Starr Said To Be Using Tested Tactic Against Ex-intern
By Lynda Nikula/CNN
SANTA MONICA, Calif. (Jan. 26) -- Susan McDougal's lawyer and her brother
said Monday Whitewater Independent Counsel Kenneth Starr is using the same
tactics on former White House intern Monica Lewinsky that he used in an attempt get to get McDougal to testify against President Bill Clinton.
Following a pre-trial hearing in an unrelated California criminal case,
McDougal's attorney, Mark Geragos, said Starr is "preoccupied with sex" and is
trying to make a deal just as he did with McDougal's former husband, Jim
McDougal.
"She [Susan McDougal] thinks that it's very similar to what they did with her. Remember
when she wouldn't cooperate and they got Jim McDougal to cooperate? Jim
McDougal went from saying at his trial that she had the highest moral
integrity," said Geragos.
"After he started cooperating with Kenneth Starr, then guess what happens?
All of a sudden Jim McDougal says, 'Oh no, I think that they [Clinton and
McDougal] were having an affair,' and then all of a sudden Jim McDougal says, 'Well, I picked up the phone once and I heard them talking love talk,' very
similar pattern to what you have right here. The man [Starr] is obviously preoccupied with sex."
McDougal's brother, Bill Henley, said, "Let me tell you that before my
sister was ever indicted in Whitewater, they came to her with a deal that all
she had to do was come up with something on Clinton, all of these charges would
be wiped away from Whitewater, all of these charges in California would be
wiped away, simply come up with something on the Clintons.
"This is just Starr acting as he did in my sister's case," Henley added. "What he is doing is suborning perjury at this very moment. He is suborning perjury in my opinion.
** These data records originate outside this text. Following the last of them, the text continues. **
(* In a network satisfying (H1) and (H2) containing the two connected components $Y+S_0\rightleftarrows U_1\to\cdots\rightleftarrows U_L\to Y+S_L$ and $\widetilde Y+S_L\rightleftarrows V_L\to\widetilde Y+S_{L-1}\rightleftarrows\cdots\rightleftarrows V_1\to\widetilde Y+S_0$ ($L\ge1$), with rate constants as in the context and $\tilde K_j:=\tilde b_j+\tilde c_j$, the constants $\tilde a_L,\tilde b_L,\tilde c_L$ and, for $1\le j\le L-1$, the quantities $\tilde a_j$ and $\tilde K_j$ are identifiable from $s_L$ using $\dot s_L$ and $\ddot s_L$.
   Context: Species are capital letters, concentrations lower-case letters. Mass-action system: $\dot{\mathbf{x}}=\sum_{y\to y'}k_{yy'}\mathbf{x}^y(y'-y)$, rates $k_{yy'}>0$ (vector $\mathbf{k}$). Total derivative: $\dot\varphi=\sum_i\frac{\partial\varphi}{\partial x_i}\dot x_i$ with $\dot x_i$ replaced by the right-hand side; $\varphi^{(\ell)}$ its $\ell$-th iterate. A map $\psi$ of $\mathbf{k}$ is identifiable from $x$ using orders $1\le\ell\le D$ if for positive $\mathbf{k}^*,\mathbf{k}^{**}$, $x^{(\ell)}(\mathbf{x},\mathbf{k}^* )=x^{(\ell)}(\mathbf{x},\mathbf{k}^{**})$ as polynomials in $\mathbf{x}$ for all $1\le\ell\le D$ implies $\psi(\mathbf{k}^* )=\psi(\mathbf{k}^{**})$. (H1) Every connected component has the form $Y+S_0\rightleftarrows U_1\to\cdots\rightleftarrows U_L\to Y+S_L$ (reactions $Y+S_{j-1}\to U_j$, $U_j\to Y+S_{j-1}$, $U_j\to Y+S_j$), unique enzyme; intermediates distinct throughout the network; non-intermediates of a component pairwise distinct but may appear in other components; each complex in a unique component. $\mathscr{S}_U$ = substrates/products of the component of intermediate $U$. (H2) A partition $\mathscr{S}^{(0)}\sqcup\cdots\sqcup\mathscr{S}^{(M)}$ ($M\ge2$, nonempty, $\mathscr{S}^{(0)}$ the intermediates) with: for each intermediate $U$ with enzyme $Y$, some $\alpha\ge1$ has $\mathscr{S}_U\subseteq\mathscr{S}^{(\alpha)}$, $Y\notin\mathscr{S}^{(\alpha)}$. Rates: first component $Y+S_{j-1}\to U_j$: $a_j$; $U_j\to Y+S_{j-1}$: $b_j$; $U_j\to Y+S_j$: $c_j$. Second component: $\widetilde Y+S_j\to V_j$: $\tilde a_j$; $V_j\to\widetilde Y+S_j$: $\tilde b_j$; $V_j\to\widetilde Y+S_{j-1}$: $\tilde c_j$ ($1\le j\le L$). *)

theory Defs
  imports "HOL-Analysis.Analysis"
begin

text \<open>Species are elements of a finite type 'n; concentrations are vectors x :: real^'n.
  Complexes are functions 'n \<Rightarrow> nat (stoichiometric vectors); reactions are pairs (y, y').\<close>

type_synonym 'n cplx = "'n \<Rightarrow> nat"
type_synonym 'n rxn = "'n cplx \<times> 'n cplx"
If he follows his same m.o. [modus operandi], what he will do next is threaten to indict this girl's mother and father and sisters and brothers as Starr did in Susan's case."
McDougal has been in prison about 17 months on a contempt charge for
refusing to testify before a federal grand jury in the Whitewater case.
She is awaiting trial on California state charges that she stole about $150,000 from orchestra conductor Zubin Mehta and his wife, Nancy, while working as their assistant. McDougal faces three counts of state income-tax evasion and seven theft-related charges in the state case. The attorneys in the case expect it to last six to eight weeks.
McDougal and her then-husband, Jim, were partners with the Clintons in the Whitewater development deal.